Bret Kugelmass: What are some of the areas that you saw back then that could use a fresh way of thinking and how has that translated over the last few years?

Neil Wilmshurst: Neil Wilmshurst inherited an organization which was very slow moving, tied to its past, and very U.S. centric. There was certainly a need for a greater global footprint and the time was right for some radical rethinking of the construct in how they interacted with their members. The way Electric Power Research Institute (EPRI) operated with their utility members is that they were happy to be in the room and not perceived as being on an equal footing with their members. Wilmshurst seeked to gain a level of trust in those relationships in which EPRI was no longer being viewed as another supplier, but were true partners with the utilities in their endeavors. This transformed into a lot more time on member sites and working with our members for the staff. About half of the staff in the nuclear sector at EPRI had worked at a nuclear plant. Wilmshurst aimed to get those that didn’t have that experience to the plants to understand their issues and challenges. EPRI also started an aggressive outreach outside the U.S. Of the global nuclear fleet of 400+ reactors, EPRI is interacting with over 90% of those plants; they fund EPRI’s programs. Nuclear plants used to view the fact that they were working with 1960’s technology, such as analog controls, as a positive because they were tested and reliable. Nuclear plants need to move into the digital age and embrace the digital effort and analytics. This will give benefits such as higher reliability and lower cost. EPRI also supports small modular reactors and Gen 4 reactors. In order to get to the Gen 4 reactors, you need to extend the life of the current fleet so that there is the infrastructure, staff, and supply chain to support the Gen 4 reactors.

Q5 - Connecting Global Nuclear Organizations

Bret Kugelmass: Is EPRI the vehicle carrying the nuclear industry into the future?

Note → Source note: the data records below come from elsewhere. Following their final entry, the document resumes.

lemma riccati_row_of_fixpoint:
  assumes gen: "generator_matrix m q" and i: "i \<in> {1..m}" and "R i > 0" "N i \<ge> 0"
    and "\<And>j. j \<in> {1..m} \<Longrightarrow> \<phi> j \<ge> 0" and "riccati_map m q r N R \<phi> i = \<phi> i"
  shows "(\<phi> i)\<^sup>2 / R i + r * \<phi> i - (\<Sum>j\<in>{1..m}. q i j * \<phi> j) - N i = 0"
proof -
  have "0 \<le> N i + (\<Sum>j\<in>{1..m}-{i}. q i j * \<phi> j)"
    using assms(4,5) generator_matrix_offdiag_nonneg[OF gen i]
    by (intro add_nonneg_nonneg sum_nonneg mult_nonneg_nonneg) auto
  from quadratic_root_eq[OF \<open>R i > 0\<close> this, of "r - q i i"]
  have "(\<phi> i)\<^sup>2 / R i + (r - q i i) * \<phi> i = N i + (\<Sum>j\<in>{1..m}-{i}. q i j * \<phi> j)"
    using assms(6) by (simp add: riccati_map_def)
  then show ?thesis
    using sum_split_diag[OF i, of q \<phi>] by (simp add: algebra_simps)
qed

lemma riccati_map_mono:
  assumes gen: "generator_matrix m q" and i: "i \<in> {1..m}" and "R i > 0"
    and "\<And>j. j \<in> {1..m} \<Longrightarrow> \<phi> j \<le> \<psi> j"
  shows "riccati_map m q r N R \<phi> i \<le> riccati_map m q r N R \<psi> i"
  unfolding riccati_map_def using generator_matrix_offdiag_sum_mono[OF gen i assms(4)] \<open>R i > 0\<close>
  by (intro quadratic_root_mono) auto

lemma riccati_map_bounded:
  assumes gen: "generator_matrix m q" and i: "i \<in> {1..m}" and "r > 0" "R i > 0"
    and "0 \<le> N i" "N i \<le> r * K" and box: "\<And>j. j \<in> {1..m} \<Longrightarrow> 0 \<le> \<phi> j \<and> \<phi> j \<le> K"
  shows "0 \<le> riccati_map m q r N R \<phi> i \<and> riccati_map m q r N R \<phi> i \<le> K"
proof -
  let ?s = "N i + (\<Sum>j\<in>{1..m}-{i}. q i j * \<phi> j)"
  have "0 \<le> r * K"
    using assms(5,6) by linarith
  then have "K \<ge> 0"
    using \<open>r > 0\<close> by (simp add: zero_le_mult_iff)
  have "0 \<le> (\<Sum>j\<in>{1..m}-{i}. q i j * \<phi> j)" "(\<Sum>j\<in>{1..m}-{i}. q i j * \<phi> j) \<le> - q i i * K"
    using generator_matrix_offdiag_sum_bounds[OF gen i box] by auto
  with assms(5,6) have "0 \<le> ?s" and "?s \<le> (r - q i i) * K"
    by (auto simp: algebra_simps)
  moreover have "0 \<le> K\<^sup>2 / R i"
    using \<open>R i > 0\<close> by simp
  ultimately have "?s \<le> K\<^sup>2 / R i + (r - q i i) * K"
    by linarith
  moreover have "r - q i i \<ge> 0"
    using generator_matrix_diag_nonpos[OF gen i] \<open>r > 0\<close> by simp
  ultimately show ?thesis
    unfolding riccati_map_def using \<open>0 \<le> ?s\<close> \<open>R i > 0\<close> \<open>K \<ge> 0\<close>
    by (auto intro!: quadratic_root_nonneg quadratic_root_le)
qed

Neil Wilmshurst: In the U.K., a visionary called Lord Walter Marshall set up the World Association of Nuclear Operators (WANO). Marshall drove the nuclear industry in the U.K and in the U.S., Bill Lee set up the Institute of Nuclear Power Operations (INPO). The next group of global leaders is coming together and realizing that this is the time to rally the industry and get moving. The Nuclear Energy Institute (NEI) is talking about market construct and the national security and global impact of nuclear programs. The Electric Power Research Institute (EPRI) is working with the International Atomic Energy Agency (IAEA) and the Nuclear Energy Agency (NEA) of the OECD to look at what it takes to keep nuclear viable. They are working with a number of organizations towards a big conference in Korea next year around nuclear plant innovation and looking at innovations other industries have deployed to bring safety and economic benefits. The hurdle nuclear typically faces with deploying innovative technologies is the regulator. The Nuclear Regulatory Commission (NRC) is open to this perspective, supplier naturally see a commercial benefit, and utilities are starting to see technology as an opportunity to reduce costs. Getting global regulators more connected and more similar, it becomes easier for the supply chain. If you believe in climate change and look at where the energy market is going, there’s a growing consensus that, in order to achieve the CO2 reductions we need, there needs to be an 80% drop in CO2 generation. You cannot get there just by decarbonizing the electric industry, but also industry, transportation, commercial, domestic, and everything else. It’s important that the nuclear option is there and available to meet growing demand; to get there, the current fleet must be successful to drive the university courses, research infrastructure, and supply infrastructure.